Have long-short alternative beta (style premium) strategies worked well in practice? In their February 2019 paper entitled “A Decade of Alternative Beta”, Antti Suhonen and Matthias Lennkh use actual performance data to assess alternative beta strategies across asset classes from the end of 2007 through the end of 2017, including quantification of fees and potential survivorship bias in public data. Specifically, they form three equal volatility weighted (risk parity) composite portfolios of strategies at the ends of each year during 2007-2016, 2007-2011 and 2012-2016. Each portfolio includes all the strategies launched during the first year and then adds strategies launched each following year at the end of that year. When a strategy dies (is discontinued by the offeror), they reallocate its weight to surviving strategies within the portfolio. They also create two additional portfolios for each period/subperiod that segregate equities and non-equities. They further evaluate alternative beta strategy diversification benefits by comparing them to conventional asset class portfolios. Using weekly post-launch excess returns in U.S. dollars for 349 reasonably unique live and dead alternative beta strategies offered by 17 global investment banks, spanning 14 styles and having at least one year of history during 2008 through 2017, they find that:
- The full-sample composite portfolio generates 0.80% average annual gross excess return, with 0.91% annual volatility and 0.88 gross annual Sharpe ratio (see the chart below). Returns exhibit modestly negative skewness (extended left tail) and modestly high kurtosis (fat tails). About 22% of strategies die during the sample period.
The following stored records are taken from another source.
theorem lemma6p4:
  fixes G :: "'g monoid" and \<xi> :: "'g \<Rightarrow> 'g" and k :: nat
  assumes "group G" and "finite (carrier G)"
    and "\<xi> \<in> iso G G"
    and "k > 0"
  shows "induces_quot_iso
           (group_alg (carrier (pow_group G k)) :: ((nat \<Rightarrow> 'g) \<Rightarrow> 'k::field_char_0) set)
           (coinv_rel (pow_group G k) (shift_aut \<xi> k))
           (group_alg (carrier G))
           (coinv_rel G \<xi>)
           (push_lin (carrier (pow_group G k)) (carrier G) (\<lambda>g. rev_prod G g k))"
proof -
  interpret group G by fact
  have \<xi>: "\<xi> \<in> hom G G"
    using assms(3) by (simp add: iso_def)
  then have \<xi>_closed: "\<xi> \<in> carrier G \<rightarrow> carrier G"
    by (simp add: hom_def)
  show ?thesis
    unfolding coinv_rel_eq_diff_span
  proof (rule induces_quot_iso_retraction[where \<sigma> = "embed_last G k"], goal_cases)
    case 1
    show ?case using assms(2) by (simp add: pow_group_carrier finite_PiE)
  next
    case 2
    show ?case using rev_prod_closed by auto
  next
    case 3
    show ?case using embed_last_closed by auto
  next
    case 4
    then show ?case by (rule rev_prod_embed_last[OF assms(4)])
  next
    case 5
    show ?case by (rule group.twisted_conj_rel_subset[OF group_pow_group shift_aut_closed[OF \<xi>_closed]])
  next
    case 6
    show ?case by (rule twisted_conj_rel_subset[OF \<xi>_closed])
  next
    case 7
    then show ?case by (rule twisted_conj_rel_rev_prod[OF \<xi>_closed assms(4)])
  next
    case 8
    then show ?case by (rule twisted_conj_rel_embed_last[OF \<xi>_closed])
  next
    case 9
    then show ?case by (rule twisted_conj_rel_embed_last_rev_prod[OF \<xi>])
  qed
qed

end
- The composite subset of equity (non-equity) strategies performs substantially worse than (about the same as) the full sample, with average annual gross excess return 0.62% (0.76%) and Sharpe ratio 0.21 (0.89). The equity subset has notably fat tails (drawdown risk).
- The full-sample, equity and non-equity composite portfolios have maximum drawdowns -29%, -30% and -28%, respectively, all three during May 2011 to January 2013.
- Performances of composite portfolios of recent vintage strategies are stronger than those for the full sample, especially for the equities subset, perhaps due to different mixes of styles.
- After adjusting for exposures to conventional equity and bond benchmarks and accounting for fees not included in reported returns, the full-sample composite alternative beta portfolio has little to offer.
- Investable equity and bond market benchmarks explain about two thirds of gross alternative beta performance.
- Annual fees not included in returns are in the range 0.75% to 1% in early sample years, 0.5%-0.75% by 2012 and 0%-0.5% in the last few years.
- An allocation to alternative beta brings some diversification benefits to a traditional 60%-40% stocks-bonds portfolio, but results are very sensitive to assumed fees.
- Publicly available alternative beta performance data that do not account for dead strategies overstate returns by 7%-14% for multi-asset strategies and up to 37% for equity-only strategies.
- There is no obvious relationship between strategy age and likelihood of death.
- The most complex strategies die at twice the rate of simpler ones, suggesting greater overfitting.
The following table, excerpted from the paper, summarizes average annual gross excess return, annual volatility (standard deviation of annual excess returns), return skewness, return kurtosis, gross annual Sharpe ratio, size of universe (Nr. of strategies) and number of funds that die (Nr. Discontinued) for each of three equal volatility weighted composite alternative beta strategy portfolios during 2008-2017. Equity and non-equity subsets include only strategies focused on stocks (all other strategies). The table shows that:
- Returns are low.
- Volatilities are low.
- Sharpe ratios are good overall and for non-equity, but not for equity-only.
- There is moderate attrition of strategies.
As noted above, accounting for unincluded fees would materially lower performances.
In summary, evidence indicates that live net performance of alternative beta strategies (especially equity-only) during 2008-2017 is not very attractive.
Cautions regarding findings include:
- The 10-year sample period is short for assessment of investment strategies. It could be an unlucky (or a lucky) sample.
- As noted, performance data in the paper are gross, not net.
- Obtaining strong returns from these alternative beta strategies generally requires substantial leverage, which likely costs more than the risk-free rate used to calculate Sharpe ratio.
- As noted in the paper, investors generally cannot hold enough alternative beta strategies to achieve reported results reliably. Small groups of strategies would likely perform better or worse than the full sample. Strategies as tested are generally unavailable to retail investors.